Femme fatale Phyllis Dietrichson (Barbara Stanwyck) and slick insurance salesman Walter Neff (Fred MacMurray) in 1944’s Double Indemnity.

When one speaks of film noir (“black film”), it’s a genre that conjures immediate associations – highly stylized American films from the 1930s to 1950s, black and white, dramatic lighting focusing on harsh contrasts between shadow and light, and dark, crime-driven plotlines populated by hard-boiled private eyes and femme fatales. These plotlines often end badly for the protagonists, and it’s a fateful sort of journey; the viewer knows where the road will end, it’s just a matter of the scenery on the way there. This genre finds its roots in the hard-boiled detective novels of the 1930s, the work of authors such as Dashiell Hammett and Raymond Chandler. But the genre quickly outgrew these roots, and even critics who specialize in film noir disagree on the essential elements a film must possess to be so designated. Some offerings often classified as noir have not a detective to be found, near domestic plotlines, were filmed in color, and even have a “happy ending” of sorts (e.g. Leave Her to Heaven, 1945). The genre has also exceeded its original temporal boundaries – newer offerings such as 1974’s Chinatown and a spate of noirs in the 2000s (e.g. The Black Dahlia, Hollywoodland, et al.) harken back to the golden age but have added modern conventions, giving rise to the term “neo-noir.” The genre has even, arguably, made its way into the future with such dystopian noir offerings as Blade Runner (1972). Essentially, defining noir is a matter of style and tone – the viewer knows it the instant she sees it.

I love this genre, and had I word count enough and time, could wax poetic about dozens of films which fit within it. Since I should (must) restrain myself, I’ve chosen one film which I feel is an exceptional offering. It isn’t a typical hard-boiled detective story, and while it showcases most of the conventions of noir, it has a decidedly unconventional protagonist: an insurance salesman.
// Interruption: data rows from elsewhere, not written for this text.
(* Let $n,p\ge 1$, let $\tau\in[0,1]$, let $\eta\ge\varepsilon>0$, and let $(Q^\ast,Y^\ast,Z^\ast)$ be an optimal solution of the learner semidefinite program described in the context (for this $\eta$, $\varepsilon$, $\tau$). Fix an index $j\in\{1,\dots,2^p\}$ and, for $(A,B)\in\mathbb{R}^{n\times n}\times\mathbb{R}^{n\times p}$, let $$\Xi(A,B)=\begin{bmatrix}\tau Q^\ast & 0 & M(A,B)^\top\\ 0 & (1-\tau)I & 0\\ M(A,B) & 0 & Q^\ast\end{bmatrix},\qquad M(A,B)=AQ^\ast+BE_jY^\ast+BE_j^-Z^\ast .$$ Then there exists a constant $\ell=\ell(\varepsilon)\ge 0$ such that $$\bigl|\lambda_{\min}(\Xi(A,B))-\lambda_{\min}(\Xi(A+\Delta A,B+\Delta B))\bigr|\le \ell\bigl(\|\Delta A\|_{\mathrm{op}}+\|\Delta B\|_{\mathrm{op}}\bigr)$$ for every $(A,B)\in\Omega$ and every perturbation $(\Delta A,\Delta B)\in\mathbb{R}^{n\times n}\times\mathbb{R}^{n\times p}$.
   Context: Consider the discrete-time control-affine system $x(t+1)=f(x(t))+g(x(t),\phi(t))u(t)$ with $x\in\mathscr D=\{x\in\mathbb{R}^n: Lx\le \mathbf 1_\ell\}$ ($L\in\mathbb{R}^{\ell\times n}$, $\mathrm{rank}(L)=\ell$, rows $l_i$), $u\in\mathscr U=\{u\in\mathbb{R}^p:|u|\le\bar u\}$ componentwise ($\bar u\in\mathbb{R}^p_+$), $f:\mathbb{R}^n\to\mathbb{R}^n$ and $g:\mathbb{R}^n\times[0,1]^p\to\mathbb{R}^{n\times p}$ of class $C^2$, and fault parameter $\phi\in\Phi=\{\phi\in[0,1]^p:\sum_{i=1}^p\mathds 1(\phi_i=1)\ge p-1\}$. $\Omega$ is the set of pairs $(A,B)$ with $A=\frac{df}{dx}(\bar x)$ and $B=g(\bar x,\bar\phi)$ for some $\bar x\in\mathscr D$, $\bar\phi\in\Phi$; $\Omega$ is assumed bounded (it is compact and connected). $\{E_j\}_{j=1}^{2^p}$ are all $p\times p$ diagonal matrices with entries in $\{0,1\}$, and $E_j^-=I-E_j$. $\|\cdot\|_{\mathrm{op}}$ is the operator norm induced by the Euclidean norm and $\lambda_{\min}$ the smallest eigenvalue of a symmetric matrix. The identity block $(1-\tau)I$ has a fixed dimension. Learner program: given finitely many pairs $(A_i,B_i)\in\Omega$, $i=1,\dots,V$ (the vertices of the convex hull of a finite sample set in $\Omega$), maximize $\mathrm{trace}(Q)$ over symmetric $Q\in\mathbb{R}^{n\times n}$, $Y,Z\in\mathbb{R}^{p\times n}$ subject to: $\begin{bmatrix}\tau Q & 0 & (A_iQ+B_iE_jY+B_iE_j^-Z)^\top\\ 0&(1-\tau)I&0\\ A_iQ+B_iE_jY+B_iE_j^-Z&0&Q\end{bmatrix}\succeq\varepsilon I$ for all $i=1,\dots,V$, $j=1,\dots,2^p$; $\begin{bmatrix}1& l_iQ\\ Ql_i^\top & Q\end{bmatrix}\succeq0$ for $i=1,\dots,\ell$; $\begin{bmatrix}\bar u_i^2 & z_i\\ z_i^\top & Q\end{bmatrix}\succeq 0$ for $i=1,\dots,p$, where $z_i$ is the $i$-th row of $Z$; $Q\preceq\eta I$; $Y\in\mathcal Y$, $Z\in\mathcal Z$, where $\mathcal Y,\mathcal Z\subset\mathbb{R}^{p\times n}$ are given nonempty, convex, compact sets. *)

theory Defs
  imports "HOL-Analysis.Analysis"
begin

definition C1_on :: "'a::real_normed_vector set \<Rightarrow> ('a \<Rightarrow> 'b::real_normed_vector) \<Rightarrow> bool" where
  "C1_on U h \<longleftrightarrow> (\<exists>h'. (\<forall>x\<in>U. (h has_derivative blinfun_apply (h' x)) (at x)) \<and> continuous_on U h')"

definition C2_on :: "'a::real_normed_vector set \<Rightarrow> ('a \<Rightarrow> 'b::real_normed_vector) \<Rightarrow> bool" where
  "C2_on U h \<longleftrightarrow> (\<exists>h'. (\<forall>x\<in>U. (h has_derivative blinfun_apply (h' x)) (at x)) \<and> C1_on U h')"

definition psd :: "real^'k^'k \<Rightarrow> bool" where
  "psd X \<longleftrightarrow> (\<forall>v. 0 \<le> v \<bullet> (X *v v))"

text \<open>Smallest eigenvalue (used for symmetric matrices, whose eigenvalues are real).\<close>
definition lambda_min :: "real^'k^'k \<Rightarrow> real" where
  "lambda_min X = Min {e. \<exists>v. v \<noteq> 0 \<and> X *v v = e *\<^sub>R v}"

definition opnorm :: "real^'c^'r \<Rightarrow> real" where
  "opnorm M = onorm (\<lambda>v. M *v v)"

text \<open>3x3 block matrix [[P,0,M^T],[0,R,0],[M,0,S]].\<close>
definition blk3 :: "real^'n^'n \<Rightarrow> real^'m^'m \<Rightarrow> real^'n^'n \<Rightarrow> real^'n^'n
    \<Rightarrow> real^(('n + 'm) + 'n)^(('n + 'm) + 'n)" where
  "blk3 P R M S = (\<chi> r c. case r of
      Inl (Inl i) \<Rightarrow> (case c of Inl (Inl k) \<Rightarrow> P$i$k | Inl (Inr k) \<Rightarrow> 0 | Inr k \<Rightarrow> M$k$i)
    | Inl (Inr i) \<Rightarrow> (case c of Inl (Inl k) \<Rightarrow> 0 | Inl (Inr k) \<Rightarrow> R$i$k | Inr k \<Rightarrow> 0)
    | Inr i \<Rightarrow> (case c of Inl (Inl k) \<Rightarrow> M$i$k | Inl (Inr k) \<Rightarrow> 0 | Inr k \<Rightarrow> S$i$k))"

text \<open>2x2 block matrix [[c, w],[u, S]] with scalar c, row w, column u.\<close>
definition blk2 :: "real \<Rightarrow> real^'n \<Rightarrow> real^'n \<Rightarrow> real^'n^'n \<Rightarrow> real^(unit + 'n)^(unit + 'n)" where
  "blk2 c w u S = (\<chi> r s. case r of
      Inl _ \<Rightarrow> (case s of Inl _ \<Rightarrow> c | Inr k \<Rightarrow> w$k)
    | Inr i \<Rightarrow> (case s of Inl _ \<Rightarrow> u$i | Inr k \<Rightarrow> S$i$k))"

text \<open>The set of all diagonal p x p matrices with entries in {0,1} (the E_j).\<close>
definition diag01 :: "(real^'p^'p) set" where
  "diag01 = {E. \<forall>i k. (i \<noteq> k \<longrightarrow> E$i$k = 0) \<and> (E$i$i = 0 \<or> E$i$i = 1)}"

definition Phi_set :: "(real^'p) set" where
  "Phi_set = {\<phi>. (\<forall>i. 0 \<le> \<phi>$i \<and> \<phi>$i \<le> 1) \<and> card {i. \<phi>$i = 1} \<ge> CARD('p) - 1}"

definition Dset :: "real^'n^'k \<Rightarrow> (real^'n) set" where
  "Dset L = {x. \<forall>i. (L *v x)$i \<le> 1}"

definition Omega :: "(real^'n \<Rightarrow> real^'n) \<Rightarrow> ((real^'n) \<times> (real^'p) \<Rightarrow> real^'p^'n) \<Rightarrow> real^'n^'k
    \<Rightarrow> ((real^'n^'n) \<times> (real^'p^'n)) set" where
  "Omega f g L = {(jacobian f (at x), g (x, \<phi>)) | x \<phi>. x \<in> Dset L \<and> \<phi> \<in> Phi_set}"

definition learner_feasible ::
  "real \<Rightarrow> real \<Rightarrow> real \<Rightarrow> 'm::finite itself \<Rightarrow> ((real^'n^'n) \<times> (real^'p^'n)) set \<Rightarrow> real^'n^'k \<Rightarrow> real^'p
   \<Rightarrow> (real^'n^'p) set \<Rightarrow> (real^'n^'p) set \<Rightarrow> real^'n^'n \<Rightarrow> real^'n^'p \<Rightarrow> real^'n^'p \<Rightarrow> bool" where
  "learner_feasible \<tau> \<epsilon> \<eta> (_::'m::finite itself) VS L ubar Ys Zs Q Y Z \<longleftrightarrow>
     transpose Q = Q \<and>
     (\<forall>(A,B)\<in>VS. \<forall>E\<in>diag01.
        psd (blk3 (\<tau> *\<^sub>R Q) ((1 - \<tau>) *\<^sub>R (mat 1 :: real^'m^'m))
                  (A ** Q + B ** E ** Y + B ** (mat 1 - E) ** Z) Q - \<epsilon> *\<^sub>R mat 1)) \<and>
     (\<forall>i. psd (blk2 1 ((L$i) v* Q) (Q *v (L$i)) Q)) \<and>
     (\<forall>i. psd (blk2 ((ubar$i)\<^sup>2) (Z$i) (Z$i) Q)) \<and>
     psd (\<eta> *\<^sub>R mat 1 - Q) \<and>
     Y \<in> Ys \<and> Z \<in> Zs"

definition learner_optimal ::
  "real \<Rightarrow> real \<Rightarrow> real \<Rightarrow> 'm::finite itself \<Rightarrow> ((real^'n^'n) \<times> (real^'p^'n)) set \<Rightarrow> real^'n^'k \<Rightarrow> real^'p
   \<Rightarrow> (real^'n^'p) set \<Rightarrow> (real^'n^'p) set \<Rightarrow> real^'n^'n \<Rightarrow> real^'n^'p \<Rightarrow> real^'n^'p \<Rightarrow> bool" where
  "learner_optimal \<tau> \<epsilon> \<eta> m VS L ubar Ys Zs Q Y Z \<longleftrightarrow>
     learner_feasible \<tau> \<epsilon> \<eta> m VS L ubar Ys Zs Q Y Z \<and>
     (\<forall>Q' Y' Z'. learner_feasible \<tau> \<epsilon> \<eta> m VS L ubar Ys Zs Q' Y' Z' \<longrightarrow> trace Q' \<le> trace Q)"

end

theory Submission
  imports Defs
begin

(*
  Of the blocks of \<Xi>(A,B) only the off-diagonal one, M = A Q + B K with
  K = E Y + (I - E) Z, depends on (A,B). Since \<lambda>_min of a symmetric matrix is the
  minimum of its quadratic form over the unit sphere, two symmetric matrices whose
  quadratic forms differ by at most d there have \<lambda>_min differing by at most d.
  For \<Xi> the difference of the forms at v = (a,b,c) is 2 c \<bullet> (\<Delta>M a), and
  2 |a| |c| \<le> |a|\<^sup>2 + |c|\<^sup>2 \<le> 1, so \<lambda>_min is 1-Lipschitz in M for the operator norm.
  As \<Delta>M = \<Delta>A Q + \<Delta>B K, the constant l = |Q| + |K| works for every (A,B), not only
  on \<Omega>; of the hypotheses, only the symmetry of Q (a constraint of the program) is used.
*)

lemma inner_matrix_vector_symmetric:
  fixes X :: "real^'k^'k"
  assumes "transpose X = X"
  shows "v \<bullet> (X *v w) = (X *v v) \<bullet> w"
  by (metis assms dot_lmul_matrix transpose_matrix_vector)

lemma transpose_diff: "transpose (A - B) = transpose A - transpose B"
  by (simp add: transpose_def vec_eq_iff)

lemma psd_quadratic_form_eq_0_imp:
  fixes P :: "real^'k^'k"
  assumes sym: "transpose P = P" and "psd P" and zero: "v \<bullet> (P *v v) = 0"
  shows "P *v v = 0"
proof (rule ccontr)
  assume "P *v v \<noteq> 0"
  define w where "w = P *v v"
  define q where "q = w \<bullet> w"
  define k where "k = w \<bullet> (P *v w)"
  define s where "s = q / (k + 1)"
  \<comment> \<open>the form at \<open>v - s w\<close> is \<open>s (s k - 2 q)\<close>, negative for this small \<open>s > 0\<close>\<close>
  have "q > 0" using \<open>P *v v \<noteq> 0\<close> unfolding q_def w_def by simp
  have "k \<ge> 0" using \<open>psd P\<close> unfolding k_def psd_def by simp
  have "s > 0" using \<open>q > 0\<close> \<open>k \<ge> 0\<close> unfolding s_def by simp
  have "0 \<le> (v - s *\<^sub>R w) \<bullet> (P *v (v - s *\<^sub>R w))"
    using \<open>psd P\<close> unfolding psd_def by simp
  also have "\<dots> = s * (s * k - 2 * q)"
    using inner_matrix_vector_symmetric[OF sym, of v w] zero
    by (simp add: matrix_vector_mult_diff_distrib matrix_vector_mult_scaleR inner_diff_left
        inner_diff_right algebra_simps q_def k_def w_def inner_commute)
  finally have "2 * q \<le> s * k" using \<open>s > 0\<close> by (simp add: zero_le_mult_iff)
  moreover have "s * k < q"
  proof -
    have "s * k = q * (k / (k + 1))" unfolding s_def by simp
    also have "\<dots> < q" using \<open>q > 0\<close> \<open>k \<ge> 0\<close> by (simp add: pos_divide_less_eq algebra_simps)
    finally show ?thesis .
  qed
  ultimately show False using \<open>q > 0\<close> by linarith
qed

lemma finite_eigenvalues_symmetric:
  fixes X :: "real^'k^'k"
  assumes sym: "transpose X = X"
  shows "finite {e. \<exists>v. v \<noteq> 0 \<and> X *v v = e *\<^sub>R v}" (is "finite ?E")
proof -
  have "\<exists>ev. \<forall>e\<in>?E. ev e \<noteq> 0 \<and> X *v ev e = e *\<^sub>R ev e"
    by (rule bchoice[of ?E "\<lambda>e v. v \<noteq> 0 \<and> X *v v = e *\<^sub>R v"]) blast
  then obtain ev where "\<forall>e\<in>?E. ev e \<noteq> 0 \<and> X *v ev e = e *\<^sub>R ev e"
    by blast
  then have ev: "ev e \<noteq> 0 \<and> X *v ev e = e *\<^sub>R ev e" if "e \<in> ?E" for e
    using that by blast
  have inj: "inj_on ev ?E"
  proof (rule inj_onI)
    fix a b assume a: "a \<in> ?E" and b: "b \<in> ?E" and "ev a = ev b"
    have "a *\<^sub>R ev a = X *v ev a" using ev[OF a] by simp
    also have "\<dots> = b *\<^sub>R ev a" using ev[OF b] \<open>ev a = ev b\<close> by simp
    finally have "a *\<^sub>R ev a = b *\<^sub>R ev a" .
    then show "a = b" using ev[OF a] by simp
  qed
  have "pairwise orthogonal (ev ` ?E)"
  proof (rule pairwise_imageI)
    fix a b assume a: "a \<in> ?E" and b: "b \<in> ?E" and "a \<noteq> b"
    have "b * (ev a \<bullet> ev b) = a * (ev a \<bullet> ev b)"
      using inner_matrix_vector_symmetric[OF sym, of "ev a" "ev b"] ev[OF a] ev[OF b] by simp
    with \<open>a \<noteq> b\<close> show "orthogonal (ev a) (ev b)" by (simp add: orthogonal_def)
  qed
  moreover have "0 \<notin> ev ` ?E" using ev by fastforce
  ultimately have "independent (ev ` ?E)" by (rule pairwise_orthogonal_independent)
  then have "finite (ev ` ?E)" by (rule independent_imp_finite)
  then show ?thesis using inj by (rule finite_imageD)
qed

lemma quadratic_form_attains_min_on_sphere:
  fixes X :: "real^'k^'k"
  obtains v0 where "norm v0 = 1" and "\<And>v. norm v = 1 \<Longrightarrow> v0 \<bullet> (X *v v0) \<le> v \<bullet> (X *v v)"
proof -
  have "\<exists>x\<in>sphere 0 1. \<forall>y\<in>sphere 0 1. x \<bullet> (X *v x) \<le> y \<bullet> (X *v y)"
  proof (rule continuous_attains_inf)
    show "sphere (0::real^'k) 1 \<noteq> {}"
      using vector_choose_size[of 1] by auto
    show "continuous_on (sphere 0 1) (\<lambda>x. x \<bullet> (X *v x))"
      by (intro continuous_intros linear_continuous_on bounded_linear.linear
          matrix_vector_mul_bounded_linear)
  qed simp
  then show ?thesis using that by auto
qed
“Double indemnity” is a term used in life insurance policies, a clause requiring the company to pay double in cases of accidental death. Thus, the observant viewer can guess by the title of this 1944 film of the same name that someone is going to die, “accidentally” on purpose, leaving “loving relatives” with double the insurance payout. The opening credits feature the silhouette of a man, on crutches, hobbling towards the camera, until he completely fills the screen, rendering it dark. The viewer is then violently thrown into the opening scene: a car speeding down a dark roadway. The car skids to a stop and its driver makes his way into the darkened offices of Pacific All Risk Insurance, where the desks are empty at this late hour. He sits, pulls up a Dictaphone, and the viewer finally sees his face, agleam with sweat, as he begins recording his confession: “I killed Dietrichson. Me, Walter Neff. Insurance salesman. 35. Unmarried…I did it for the money, I did it for the woman. I didn’t get the money, and I didn’t get the woman.” In this succinct opening, the viewer learns not only the entirety of the plot, but is treated to the two primary motivations in film noir: greed and lust. The voiceover is another mainstay of noir, allowing the protagonist (I hesitate to use the word “hero” for such morally bereft individuals) to tell his own tale. For Neff, it begins with a trip out to sunny Glendale to get a renewal on a car insurance policy. When he enters the large Spanish-style house, he finds that the policy owner, a Mr. Dietrichson, isn’t at home, though his (much younger) wife certainly is.

Walter Neff is played with amazing adroitness by Fred MacMurray, a surprising casting decision, as at the time MacMurray was known for playing “nice guys.” In this role, his hint of nice guy charm is subsumed beneath a slick worldliness. It’s personified in the way he lights his cigarettes (for this is the 1940s, and we must all be smoking or drinking – preferably both – all the time): using his thumbnail, he flicks the match into flame in a single, smooth movement. Neff isn’t some nerd toiling over actuarial tables. He’s a salesman. He’s a player. And never is it more evident than in his first meeting with the lady of the house. As he waits in the foyer looking up, she stands on the balcony above, on full display, and she knows it. Clad only in a towel, she’s been sunbathing. Neff mentions his errand, the signature for the insurance renewal, and quips that he’d hate to think that Mrs. Dietrichson wasn’t “fully covered.” The looks exchanged between the two are unmistakable, and Phyllis (for Phyllis she is, as Neff learns from the name engraved on her anklet) goes to change while Neff makes himself comfortable in the living room.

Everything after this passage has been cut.